The Futility Monster

He'll pointlessly derive more enjoyment out of your resources than you

Cameron’s Speech: The Verdict

Posted by The Futility Monster on October 9, 2009 @ 09:54

The end of Cameron's speech. It made me cringe just a little...

The end of Cameron's speech. It made me cringe just a little...

Even after ruminating on the speech overnight, I’m still unsure of what to make of it.

Let’s get the obvious out the way: it was a dignified, restrained speech. Perhaps a bit low-key for a man who is very likely to be the next Prime Minister of this country. That must have been intentional; it has, after all, been something of a theme this week. Nevertheless, it was good to see a little less of the theatrics that Blair in the equivalent situation would have brought.

The key theme of the speech, I think, was his message of “family, community, country”. Each part was tied to these three pieces in one way or another. The other message was his attack on big government and the “culture of irresponsibility” fostered by it.

The speech also contained a Grand Tour of the Shadow Cabinet, in which each aspect of his agenda was connected to one of the people who would serve in a future Conservative administration. That worked quite well, better I think than the way Nick Clegg did it in his speech.

There was also a section on his personal circumstances over the past year, which was genuine and heart-felt, and anyone who says otherwise must be even more cynical than me. I’m always suspicious of bringing something like that into a keynote address, but it was done well with grace and tact.

But in many respects, it was a very Conservative speech. Marriage, family values, EU bashing, patriotism, enterprise. There was even a grumpy old man moment when he shook his fist at those pesky kids with their rights: we need to treat children like children and adults like adults. That got the Conference audience to their feet, surprise surprise.

The problem was that the logical consistency of the speech was lacking. At numerous occasions during it, he chopped and changed subject, coming back to an earlier point, starting a new one, then leaving it, returning later… it felt a bit slapdash. Like a box ticking exercise to ensure they had covered all the policy announcements of the previous days. I don’t think this was helped by the various anecdotes that he kept incorporating from letters and e-mails. It was all a bit too “man of the people”.

This, I think, was an attempt to answer the criticisms of a lack of policy. But, in doing so, it turned the speech into a scattergun, going for so many targets in so many areas: education, welfare, Afghanistan, defence, civil liberties, business, regulation, a defence of the Union, the EU, parliamentary reform, devolution, accountability, taxation, deficit, spending cuts… and I could go on. Each was touched upon briefly, but in some parts so brief as to have been a waste of time. It lacked clarity in a speech that needed a razor-sharp focus.

As to the delivery, it was classic Cameron… but with some surprising flaws.

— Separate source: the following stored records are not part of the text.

lemma continuous_on_hardy_field_deriv: "continuous_on (ball 0 1) (\<lambda>z. hardy_field_deriv z v)"
  unfolding hardy_field_deriv_def
  by (intro continuous_intros continuous_on_hardy_weight) (use one_minus_norm_power2_pos in force)

lemma hardy_field_divergence:
  assumes "cmod z < 1"
  shows "Re (hardy_field_deriv z 1) + Im (hardy_field_deriv z \<i>) = 2 * hardy_weight z"
proof -
  have q: "0 < 1 - (cmod z)\<^sup>2" by (rule one_minus_norm_power2_pos[OF assms])
  have "Re (hardy_field_deriv z 1) + Im (hardy_field_deriv z \<i>)
      = 2 / (1 - (cmod z)\<^sup>2) + 2 * hardy_weight z * ((Re z)\<^sup>2 + (Im z)\<^sup>2)"
    by (simp add: hardy_field_deriv_def inner_complex_def divide_inverse power2_eq_square
        algebra_simps)
  also have "(Re z)\<^sup>2 + (Im z)\<^sup>2 = (cmod z)\<^sup>2"
    by (simp add: cmod_power2)
  also have "2 / (1 - (cmod z)\<^sup>2) + 2 * hardy_weight z * (cmod z)\<^sup>2 = 2 * hardy_weight z"
  proof -
    define p where "p = 1 - (cmod z)\<^sup>2"
    have "(cmod z)\<^sup>2 = 1 - p" by (simp add: p_def)
    with q show ?thesis
      unfolding hardy_weight_def p_def[symmetric] by (simp add: field_simps power2_eq_square)
  qed
  finally show ?thesis .
qed

lemma norm_hardy_field_le:
  assumes "cmod z < 1"
  shows "(cmod (hardy_field z))\<^sup>2 \<le> hardy_weight z"
proof -
  have q: "0 < 1 - (cmod z)\<^sup>2" by (rule one_minus_norm_power2_pos[OF assms])
  have "(cmod (hardy_field z))\<^sup>2 = (cmod z)\<^sup>2 / (1 - (cmod z)\<^sup>2)\<^sup>2"
    using q by (simp add: hardy_field_def power_mult_distrib power_inverse divide_inverse_commute)
  also have "\<dots> \<le> hardy_weight z"
    using assms unfolding hardy_weight_def by (intro divide_right_mono) (auto simp: power_le_one)
  finally show ?thesis .
qed

lemma integrable_test_fun:
  fixes f :: "complex \<Rightarrow> 'a::{banach,second_countable_topology}"
  assumes "test_fun_disk \<phi> D" "continuous_on (ball 0 1) f" "\<And>z. \<phi> z = 0 \<Longrightarrow> D z = 0 \<Longrightarrow> f z = 0"
  shows "integrable lborel f"
proof -
  obtain K where "compact K" "K \<subseteq> ball 0 1" "\<And>z. z \<notin> K \<Longrightarrow> \<phi> z = 0" "\<And>z. z \<notin> K \<Longrightarrow> D z = 0"
    using test_fun_diskE[OF assms(1)] by metis
  then show ?thesis
    using integrable_continuous_compact_support[OF _ _ open_ball assms(2)] assms(3) by metis
qed

lemma test_fun_disk_measurable:
  assumes "test_fun_disk \<phi> D"
  shows "\<phi> \<in> borel_measurable lebesgue" and "D \<in> borel_measurable lebesgue"
proof -
  have "continuous_on UNIV \<phi>" "continuous_on UNIV D"
    by (rule test_fun_diskE[OF assms]; assumption)+
  then show "\<phi> \<in> borel_measurable lebesgue" "D \<in> borel_measurable lebesgue"
    by (intro measurable_completion borel_measurable_continuous_onI; simp)+
qed
(* Let $a,b\in\mathbb{R}[\sin t,\cos t]$ be real trigonometric polynomials with $b$ having only simple zeroes, consider $x'=a(t)|x|+b(t)$, and let $u(t,x)$ denote its solution with $u(0,x)=x$. Let $-\infty=x_0<x_1<\dots<x_r<x_{r+1}=+\infty$ be real numbers such that for each $i\in\{0,\dots,r\}$ and each $x\in(x_i,x_{i+1})$ all zeroes of $t\in[0,2\pi]\mapsto u(t,x)$ are simple, and their number is constant for $x\in(x_i,x_{i+1})$. Let $u(t)$ be a $2\pi$-periodic solution with $u(0)\notin\{x_1,\dots,x_r\}$. Then $u$ has an even number of zeroes in a period, all simple. Moreover: \begin{enumerate} \item If $u(0)>x_r$, then $u(t)>0$ for every $t\in\mathbb{R}$, and if $u(0)<x_1$, then $u(t)<0$ for every $t\in\mathbb{R}$. \item Assume that $x_1,\dots,x_r$ are exactly the values at $t=0$ of the solutions having a non-simple zero. If $x_1<u(0)<x_r$, then $u$ has non-definite sign, i.e. it is strictly positive for some values of $t$ and strictly negative for some other values. \end{enumerate}
   Context: A solution is periodic if $u(0)=u(2\pi)$. A zero $t_0$ of a solution is simple if the derivative of the solution at $t_0$ (equal to $b(t_0)$) is nonzero. *)

theory Defs
  imports "HOL-Analysis.Analysis"
begin

definition trig_poly :: "(real \<Rightarrow> real) \<Rightarrow> bool" where
  "trig_poly f \<longleftrightarrow> (\<exists>N (c :: nat \<Rightarrow> nat \<Rightarrow> real).
     \<forall>t. f t = (\<Sum>i\<le>N. \<Sum>j\<le>N. c i j * sin t ^ i * cos t ^ j))"

definition simple_zero :: "(real \<Rightarrow> real) \<Rightarrow> real \<Rightarrow> bool" where
  "simple_zero f t0 \<longleftrightarrow> f t0 = 0 \<and> deriv f t0 \<noteq> 0"

definition is_solution :: "(real \<Rightarrow> real) \<Rightarrow> (real \<Rightarrow> real) \<Rightarrow> (real \<Rightarrow> real) \<Rightarrow> bool" where
  "is_solution a b v \<longleftrightarrow> (\<forall>t. (v has_real_derivative (a t * \<bar>v t\<bar> + b t)) (at t))"

text \<open>The i-th interval (x_i, x_{i+1}) for i = 0..r, with x_0 = -inf, x_{r+1} = +inf.\<close>
definition gap :: "(nat \<Rightarrow> real) \<Rightarrow> nat \<Rightarrow> nat \<Rightarrow> real set" where
  "gap xs r i = {x. (i = 0 \<or> xs i < x) \<and> (i = r \<or> x < xs (Suc i))}"

end

theory Submission
  imports Defs "HOL-Library.Periodic_Fun"
begin
lemma symmetric_eq_spec_mat:
  assumes "transpose M = M"
  obtains t where "M = spec_mat (eig_max M) (eig_min M) t"
proof -
  have sym: "M$2$1 = M$1$2"
    using arg_cong[OF assms, of "\<lambda>A. A$1$2"] by (simp add: transpose_def)
  define m where "m = (M$1$1 + M$2$2) / 2"
  define p where "p = (M$1$1 - M$2$2) / 2"
  define r where "r = sqrt (p\<^sup>2 + (M$1$2)\<^sup>2)"
  have eig: "eig_max M = m + r" "eig_min M = m - r"
    by (simp_all add: eig_max_def eig_min_def m_def r_def p_def)
  obtain \<theta> where \<theta>: "p = r * cos \<theta>" "M$1$2 = r * sin \<theta>"
  proof (cases "r = 0")
    case True
    then show ?thesis
      using that[of 0] by (simp add: r_def)
  next
    case False
    then have "r > 0"
      by (simp add: r_def sum_power2_gt_zero_iff)
    have "(p / r)\<^sup>2 + (M$1$2 / r)\<^sup>2 = (p\<^sup>2 + (M$1$2)\<^sup>2) / r\<^sup>2"
      by (simp add: power_divide add_divide_distrib)
    also have "\<dots> = 1"
      using \<open>r > 0\<close> by (simp add: r_def sum_power2_gt_zero_iff)
    finally obtain \<theta> where "p / r = cos \<theta>" "M$1$2 / r = sin \<theta>"
      by (rule sincos_total_2pi) auto
    then show ?thesis
      using that[of \<theta>] \<open>r > 0\<close> by (simp add: field_simps)
  qed
  have "M = spec_mat (eig_max M) (eig_min M) (\<theta> / 2)"
    unfolding mat2_eq_iff eig spec_mat_half_angle_nth using \<theta> sym
    by (simp add: m_def p_def field_simps)
  then show ?thesis ..
qed

lemma mlog_spec_mat:
  assumes "a > 0" "b > 0"
  shows "mlog (spec_mat a b t) = spec_mat (ln a) (ln b) t"
  unfolding mlog_def
proof (rule the_equality)
  fix L
  assume L: "transpose L = L \<and> mexp L = spec_mat a b t"
  then obtain t' where L_eq: "L = spec_mat (eig_max L) (eig_min L) t'"
    using symmetric_eq_spec_mat by blast
  then have "spec_mat (exp (eig_max L)) (exp (eig_min L)) t' = spec_mat a b t"
    using L by (metis mexp_spec_mat)
  then have "spec_mat (ln (exp (eig_max L))) (ln (exp (eig_min L))) t' = spec_mat (ln a) (ln b) t"
    by (rule spec_mat_fun_cong)
  then show "L = spec_mat (ln a) (ln b) t"
    using L_eq by simp
qed (use assms in \<open>simp add: transpose_spec_mat mexp_spec_mat\<close>)

lemma mlog_eq_interpolation:
  assumes "transpose M = M" "eig_min M > 0" "eig_min M \<noteq> eig_max M"
  shows "mlog M = ln (eig_min M) *\<^sub>R mat 1
    + ((ln (eig_max M) - ln (eig_min M)) / (eig_max M - eig_min M)) *\<^sub>R (M - eig_min M *\<^sub>R mat 1)"
proof -
  obtain t where t: "M = spec_mat (eig_max M) (eig_min M) t"
    using assms(1) by (rule symmetric_eq_spec_mat)
  have "eig_max M > 0"
    using assms(2) eig_min_le_eig_max[of M] by linarith
  then have "mlog M = spec_mat (ln (eig_max M)) (ln (eig_min M)) t"
    using assms(2) t by (metis mlog_spec_mat)
  also have "\<dots> = ln (eig_min M) *\<^sub>R mat 1
    + ((ln (eig_max M) - ln (eig_min M)) / (eig_max M - eig_min M)) *\<^sub>R (M - eig_min M *\<^sub>R mat 1)"
    using assms(3) t spec_mat_fun[of "eig_max M" "eig_min M" ln t] by simp
  finally show ?thesis .
qed

lemma eig_bounds_of_det_ge:
  assumes "0 < E" "E \<le> M$1$1" "0 < M$2$2" "M$1$1 + M$2$2 \<le> C * E"
    and det: "E * M$2$2 \<le> M$1$1 * M$2$2 - (M$1$2)\<^sup>2"
  shows "0 < eig_min M" "eig_max M \<le> C * E" "M$2$2 / C \<le> eig_min M"
proof -
  have "0 < E * M$2$2"
    using assms(1,3) by simp
  then show pos: "0 < eig_min M"
    using assms(1,2) det by (intro eig_min_pos) linarith+
  then show hi: "eig_max M \<le> C * E"
    using eig_max_plus_eig_min[of M] assms(4) by linarith
  have "E * M$2$2 \<le> eig_max M * eig_min M"
    using det by (simp add: eig_max_mult_eig_min)
  also have "\<dots> \<le> (C * E) * eig_min M"
    using hi pos by (intro mult_right_mono) auto
  finally have "M$2$2 \<le> C * eig_min M"
    using \<open>0 < E\<close> by (simp add: algebra_simps)
  moreover have "0 < C * E"
    using assms(1-4) by linarith
  then have "0 < C"
    using \<open>0 < E\<close> by (simp add: zero_less_mult_iff)
  ultimately show "M$2$2 / C \<le> eig_min M"
    by (simp add: divide_le_eq mult.commute)
qed

section \<open>Exponential growth rates\<close>

lemma finite_strict_upper_bound:
  fixes F :: "real set"
  assumes "finite F" "\<And>x. x \<in> F \<Longrightarrow> x < a"
  obtains r where "r < a" "\<And>x. x \<in> F \<Longrightarrow> x \<le> r"
proof
  show "Max (insert (a - 1) F) < a"
    using assms by (subst Max_less_iff) auto
qed (use assms in simp)

lemma exp_mult_mono: "x \<le> y \<Longrightarrow> exp (real m * x) \<le> exp (real m * y)"
  by (simp add: mult_left_mono)

lemma tendsto_exp_mult_neg: "a < 0 \<Longrightarrow> (\<lambda>m. exp (real m * a)) \<longlonglongrightarrow> 0"
  by (simp add: exp_of_nat_mult LIMSEQ_power_zero)

lemma tendsto_ln_div_of_exp_bounds:
  fixes f :: "nat \<Rightarrow> real"
  assumes "0 < c" "\<And>m. c * exp (real m * a) \<le> f m" "\<And>m. f m \<le> C * exp (real m * a)"
  shows "(\<lambda>m. ln (f m) / real m) \<longlonglongrightarrow> a"
proof (rule tendsto_sandwich)
  have "0 < C"
    using assms(1) assms(2,3)[of 0] by simp
  have "ln (f m) / real m \<le> a + ln C / real m \<and> a + ln c / real m \<le> ln (f m) / real m"
    if "m > 0" for m
  proof -
    have "0 < c * exp (real m * a)"
      using \<open>0 < c\<close> by simp
    then have "ln (c * exp (real m * a)) \<le> ln (f m)" "ln (f m) \<le> ln (C * exp (real m * a))"
      using assms(2)[of m] assms(3)[of m] by (subst ln_le_cancel_iff; force)+
    then have "ln c + real m * a \<le> ln (f m)" "ln (f m) \<le> ln C + real m * a"
      using \<open>0 < c\<close> \<open>0 < C\<close> by (simp_all add: ln_mult)
    moreover have "a + ln c / real m = (ln c + real m * a) / real m"
      "a + ln C / real m = (ln C + real m * a) / real m"
      using that by (simp_all add: field_simps)
    ultimately show ?thesis
      by (simp add: divide_right_mono)
  qed
  then show "\<forall>\<^sub>F m in sequentially. a + ln c / real m \<le> ln (f m) / real m"
    "\<forall>\<^sub>F m in sequentially. ln (f m) / real m \<le> a + ln C / real m"
    by (auto intro: eventually_sequentiallyI[of 1])
qed (auto intro!: tendsto_eq_intros lim_const_over_n)

lemma tendsto_div_exp_dominated:
  fixes f g :: "nat \<Rightarrow> real"
  assumes g: "\<forall>\<^sub>F m in sequentially. exp (real m * a) / 2 \<le> g m"
    and f: "\<And>m. \<bar>f m\<bar> \<le> c * exp (real m * s)" and "s < a"
  shows "(\<lambda>m. f m / g m) \<longlonglongrightarrow> 0"
proof (rule Lim_null_comparison)
  show "\<forall>\<^sub>F m in sequentially. norm (f m / g m) \<le> 2 * c * exp (real m * (s - a))"
    using g
  proof eventually_elim
    case (elim m)
    then have "0 < g m"
      using exp_gt_zero[of "real m * a"] by linarith
    have "\<bar>f m\<bar> / g m \<le> c * exp (real m * s) / (exp (real m * a) / 2)"
      using f[of m] elim by (intro frac_le) (auto intro: order_trans[OF abs_ge_zero])
    also have "\<dots> = 2 * c * exp (real m * (s - a))"
      by (simp add: algebra_simps exp_diff)
    finally show ?case
      using \<open>0 < g m\<close> by (simp add: abs_divide)
  qed
  show "(\<lambda>m. 2 * c * exp (real m * (s - a))) \<longlonglongrightarrow> 0"
    using \<open>s < a\<close> by (intro tendsto_mult_right_zero tendsto_exp_mult_neg) simp
qed

lemma eventually_eig_gap:
  fixes M :: "nat \<Rightarrow> mat2"
  assumes x_lo: "\<And>m. exp (real m * a) \<le> M m$1$1" and z_hi: "\<And>m. M m$2$2 \<le> c * exp (real m * b)"
    and "b < a"
  shows "\<forall>\<^sub>F m in sequentially. exp (real m * a) / 2 \<le> eig_max (M m) - eig_min (M m)"
proof -
  have "(\<lambda>m. 2 * c * exp (real m * (b - a))) \<longlonglongrightarrow> 0"
    using \<open>b < a\<close> by (intro tendsto_mult_right_zero tendsto_exp_mult_neg) simp
  then have "\<forall>\<^sub>F m in sequentially. 2 * c * exp (real m * (b - a)) < 1"
    by (rule order_tendstoD) simp
  then show ?thesis
  proof eventually_elim
    case (elim m)
    have "exp (real m * b) = exp (real m * (b - a)) * exp (real m * a)"
      by (simp add: algebra_simps flip: exp_add)
    then have "2 * M m$2$2 \<le> (2 * c * exp (real m * (b - a))) * exp (real m * a)"
      using z_hi[of m] by simp
    also have "\<dots> \<le> exp (real m * a)"
      using elim by simp
    finally show ?case
      using x_lo[of m] eig_max_minus_eig_min_ge[of "M m"] by simp
  qed
qed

The most obvious was his rather poor autocue skills, constantly looking down at his notes. This was bizarre because we’ve seen him give a speech without notes on previous occasions, prowling around the stage with no props (message: I need no crutches). That ruined the necessary eye-contact of a good speech.

And there was also a shocking lack of passion. It was just a bit too somber for my tastes. The only points at which Cameron tried to raise the volume and tempo were when he talked about poverty – the first time jabbing his finger on the lectern (contrived) and the second time giving Labour a good old handbagging – and when he tried to finish the speech with some rhetorical repetition: “I see a country”.

The only problem with the conclusion was that it just didn’t resonate in the hall. If this speech were delivered in America, those final few lines – refraining “I see a country” –  would have been delivered, soaring, booming, over wave after wave of tumultuous applause. That energy would have been used by the speaker to lift them higher, injecting a note of populism and belief that this is what people want.

Instead, it was delivered over silence. And then, when they did clap, Cameron stopped speaking, interrupted at the wrong moment. Then there was that slightly embarrassing stuff to close, with the “YOU made it happen” to a wide open arms gesture. It just didn’t feel right to me.

Parts good, parts bad. Some sunshine, mostly cloud, but no rain. The overall themes were good and delivered strongly, but the specific details lacked colour, passion and focus.

He did succeed with one thing though. Probably the thing that is most important of all.

He looked electable. He sounded like he could make a convincing Prime Minister.

The election campaign has begun.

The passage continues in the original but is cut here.